Nasr Abdullahi sent his wife, sister and five children to Chad last week, staying behind to wait for news of a 17-year-old son in the capital Khartoum. But when his neighbour’s house was burned down and gangs took over the streets, he fled too.

“I couldn’t take it anymore, so I decided to leave on foot,” the 42-year-old said after arriving exhausted on Wednesday in the Chadian town of Adre, about 27km (17 miles) from El Geneina, the main city in West Darfur State.

“I crossed through the bush and walked west all night.”

Residents link the resurgence of violence in El Geneina and other parts of Darfur to the power struggle between Sudan’s army and paramilitary Rapid Support Forces (RSF) in Khartoum, which has allowed militias in the area to go unchecked.

Those interviewed by Reuters said the attacks since late April in El Geneina were carried out by “Janjaweed” militias, armed men usually thought to come from Arab nomadic tribes riding trucks, motorcycles and horses – the same militias from which the RSF was born.
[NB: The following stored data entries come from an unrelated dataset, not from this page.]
(* Let $x,y \in \mathcal{G}$. We have that \begin{align*} \eta_x^2 = \eta_x\sigma(x,x^{-1}), & \text{ } n_x^2 = n_x, \\ \eta_x = 0 \iff \sigma(x,x^{-1}) = 0 \iff & \Gamma(x) = 0 \iff n_x = 0, \\ r(x) = r(y) \implies (\eta_x\eta_y = 0 & \iff \eta_y\eta_x = 0 \iff n_xn_y = 0), \\ d(x) = r(y) \implies \Gamma(x)n_y & = n_{xy}\Gamma(x), \\ r(x) = r(y) \implies n_xn_y & = n_yn_x. \end{align*}
   Context: Let $\mathbb{K}$ be a field and $\mathbb{K}^*$ its multiplicative group. Let $\mathcal{G}$ be a groupoid (a set with a partially defined associative product in which each $g$ has domain $d(g)=g^{-1}g$, range $r(g)=gg^{-1}$ and inverse $g^{-1}$; $\exists gh$ iff $d(g)=r(h)$). A $\mathbb{K}$-semigroup is a semigroup $S$ with $0$ together with a map $\mathbb{K}\times S\to S$ such that $\alpha(\beta x)=(\alpha\beta)x$, $1_\mathbb{K}x=x$, $\alpha(xy)=(\alpha x)y=x(\alpha y)$ and $0_\mathbb{K}x = x0_\mathbb{K}=0_S$; it is $\mathbb{K}$-cancellative if moreover $\alpha x=\beta x$ with $0\neq x$ implies $\alpha=\beta$. Let $S$ be a $\mathbb{K}$-cancellative semigroup and $\Gamma:\mathcal{G}\to S$ a partial projective representation of $\mathcal{G}$, i.e. the composition of $\Gamma$ with the projection $S\to S/\lambda$ (where $x\lambda y$ iff $x=\alpha y$ for some $\alpha\in\mathbb{K}^*$) is a partial homomorphism: if $\exists xy$ then $\exists \varphi(x)\varphi(y)$ and $\varphi(x^{-1})\varphi(x)\varphi(y)=\varphi(x^{-1})\varphi(xy)$, $\varphi(x)\varphi(y)\varphi(y^{-1})=\varphi(xy)\varphi(y^{-1})$. Let $\sigma:\mathcal{G}\times\mathcal{G}\to\mathbb{K}$ be the factor set associated with $\Gamma$: on $\{(x,y)\in\mathcal{G}^2 : \Gamma(x)\Gamma(y)\neq 0\}$ it is the unique $\mathbb{K}^*$-valued map with $\Gamma(x^{-1})\Gamma(x)\Gamma(y) = \Gamma(x^{-1})\Gamma(xy)\sigma(x,y)$ and $\Gamma(x)\Gamma(y)\Gamma(y^{-1}) = \Gamma(xy)\Gamma(y^{-1})\sigma(x,y)$, and it is set equal to $0$ elsewhere. Assume that $\Gamma(r(x))$ and $\Gamma(d(x))$ are left and right identities to $\Gamma(x)$, respectively, for all $x\in\mathcal{G}$. Then $\sigma(x,x^{-1}) = \sigma(x^{-1},x)$ for all $x$. Write $\eta_x = \Gamma(x)\Gamma(x^{-1})$ and define $n_x = \eta_x\sigma(x^{-1},x)^{-1}$ if $\Gamma(x)\neq 0$, and $n_x=0$ if $\Gamma(x)=0$. *)

theory Defs
  imports Main
begin

definition gdom :: "('g \<Rightarrow> 'g \<Rightarrow> 'g) \<Rightarrow> ('g \<Rightarrow> 'g) \<Rightarrow> 'g \<Rightarrow> 'g" where
  "gdom m i x = m (i x) x"

definition gran :: "('g \<Rightarrow> 'g \<Rightarrow> 'g) \<Rightarrow> ('g \<Rightarrow> 'g) \<Rightarrow> 'g \<Rightarrow> 'g" where
  "gran m i x = m x (i x)"
(* Let $F$ be a field of characteristic $0$, let $G$ be a group such that its abelianization $\widetilde G=G/[G,G]$ is finitely generated, and let $A$ be an $F$-vector space endowed with a linear right $G$-action $a\mapsto a^g$. If $\dim_F A^G<\infty$, then $\dim_F \mathcal P_n(G,A)<\infty$ for every $n\in\mathbb Z_+$.
   Context: A right $G$-action on $A$ means maps $a\mapsto a^g$ with $a^{\mathbf e}=a$ and $(a^g)^h=a^{gh}$, where $\mathbf e$ is the identity of $G$; "linear" means each $a\mapsto a^g$ is $F$-linear. $A^G=\{a\in A: a^g=a \ \forall g\in G\}$. For $n\ge 0$, $\mathcal C^n(G,A)$ is the space of normalized $n$-cochains: $\mathcal C^0(G,A)=A$, and for $n\ge1$ it consists of all functions $c:G^n\to A$ with $c(g_1,\dots,g_n)=0$ whenever some $g_i=\mathbf e$. For $n\ge1$ define $d_n:\mathcal C^{n-1}(G,A)\to\mathcal C^n(G,A)$ by $(d_nc)(g_1,\dots,g_n)=[c(g_1,\dots,g_{n-1})]^{g_n}-c(g_1,\dots,g_{n-1})$ (for $n=1$: $(d_1a)(g_1)=a^{g_1}-a$). The iterated difference operators are $D^0=\mathrm{id}_A$ and $D^n=d_nD^{n-1}$ for $n\ge1$. The space of $G$-polynomials (polynomial-like elements) of order at most $n$ is $\mathcal P_n(G,A)=\ker\big(D^{n+1}:A\to\mathcal C^{n+1}(G,A)\big)$. *)

theory Defs
  imports Main "HOL-Algebra.Algebra"
begin

definition linear_right_action ::
  "('f::field \<Rightarrow> 'a::ab_group_add \<Rightarrow> 'a) \<Rightarrow> ('g, 'b) monoid_scheme \<Rightarrow> ('a \<Rightarrow> 'g \<Rightarrow> 'a) \<Rightarrow> bool" where
  "linear_right_action scale G act \<longleftrightarrow>
     (\<forall>a. act a \<one>\<^bsub>G\<^esub> = a) \<and>
     (\<forall>a. \<forall>g\<in>carrier G. \<forall>h\<in>carrier G. act (act a g) h = act a (g \<otimes>\<^bsub>G\<^esub> h)) \<and>
     (\<forall>g\<in>carrier G. Vector_Spaces.linear scale scale (\<lambda>a. act a g))"

definition invariants :: "('g, 'b) monoid_scheme \<Rightarrow> ('a \<Rightarrow> 'g \<Rightarrow> 'a) \<Rightarrow> 'a set" where
  "invariants G act = {a. \<forall>g\<in>carrier G. act a g = a}"

text \<open>Iterated difference operator: iter_diff act n a gs is (D^n a)(g_1,...,g_n)
  with g_i = gs (i-1).\<close>
fun iter_diff :: "('a::ab_group_add \<Rightarrow> 'g \<Rightarrow> 'a) \<Rightarrow> nat \<Rightarrow> 'a \<Rightarrow> (nat \<Rightarrow> 'g) \<Rightarrow> 'a" where
  "iter_diff act 0 a gs = a"
| "iter_diff act (Suc n) a gs = act (iter_diff act n a gs) (gs n) - iter_diff act n a gs"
The RSF denies instigating violence in Darfur, instead blaming the army.

The attacks in El Geneina have razed its markets, power grid and medical facilities, witnesses say, reviving memories of the atrocious violence that erupted in the early 2000s.

Sudan’s health ministry says up to 510 people have been killed in the city of about half a million. At least 250,000 people in West Darfur have been internally displaced while another 90,000 have fled to Chad.

With El Geneina’s communications now cut off, Abdullahi’s account offered a rare glimpse of the chaos.

“Heavy weapons and machine guns are being fired everywhere. When you go out in the morning, you see new bullet holes in the walls,” he said, adding that water supplies were cut and food was running scarce in the city he left.

Land conflict
The feared Janjaweed militias first gained power as the government used them against rebels in Darfur two decades ago. More than 300 000 people were killed and 2.5 million displaced.

The RSF emerged from them and grew into a large paramilitary force with legal status. Its commander, Mohamed Hamdan Dagalo, known as Hemedti, became deputy head of Sudan’s ruling council after helping topple former leader Omar al-Bashir during a popular uprising in 2019.

Though conflict in Darfur is often described along ethnic lines pitting Arab tribes against non-Arabs, it is also rooted in a struggle for land, intensified by climate change.

“This is between the herder and the farmer. It’s about resources and land,” said Sultan Saad Bahreldin, leader of the Masalit tribe, the largest bloc of El Geneina residents.

Arab livestock herders migrated to less arid areas during droughts in Darfur in the 1970s and 80s, causing tensions, said Jerome Tubiana, a researcher on the region.

They gained more land as the Janjaweed helped government forces drive back rebels in the conflict from 2003.

But they felt a 2020 peace deal with some rebel groups, which promised the return of displaced people to their land, ignored their needs. Attacks increased as international peacekeepers withdrew.

Five El Geneina residents, most preferring to remain anonymous to avoid retaliation, said by telephone – before lines went down – that they thought the militias aimed to empty the city and that the army had done little to offer protection.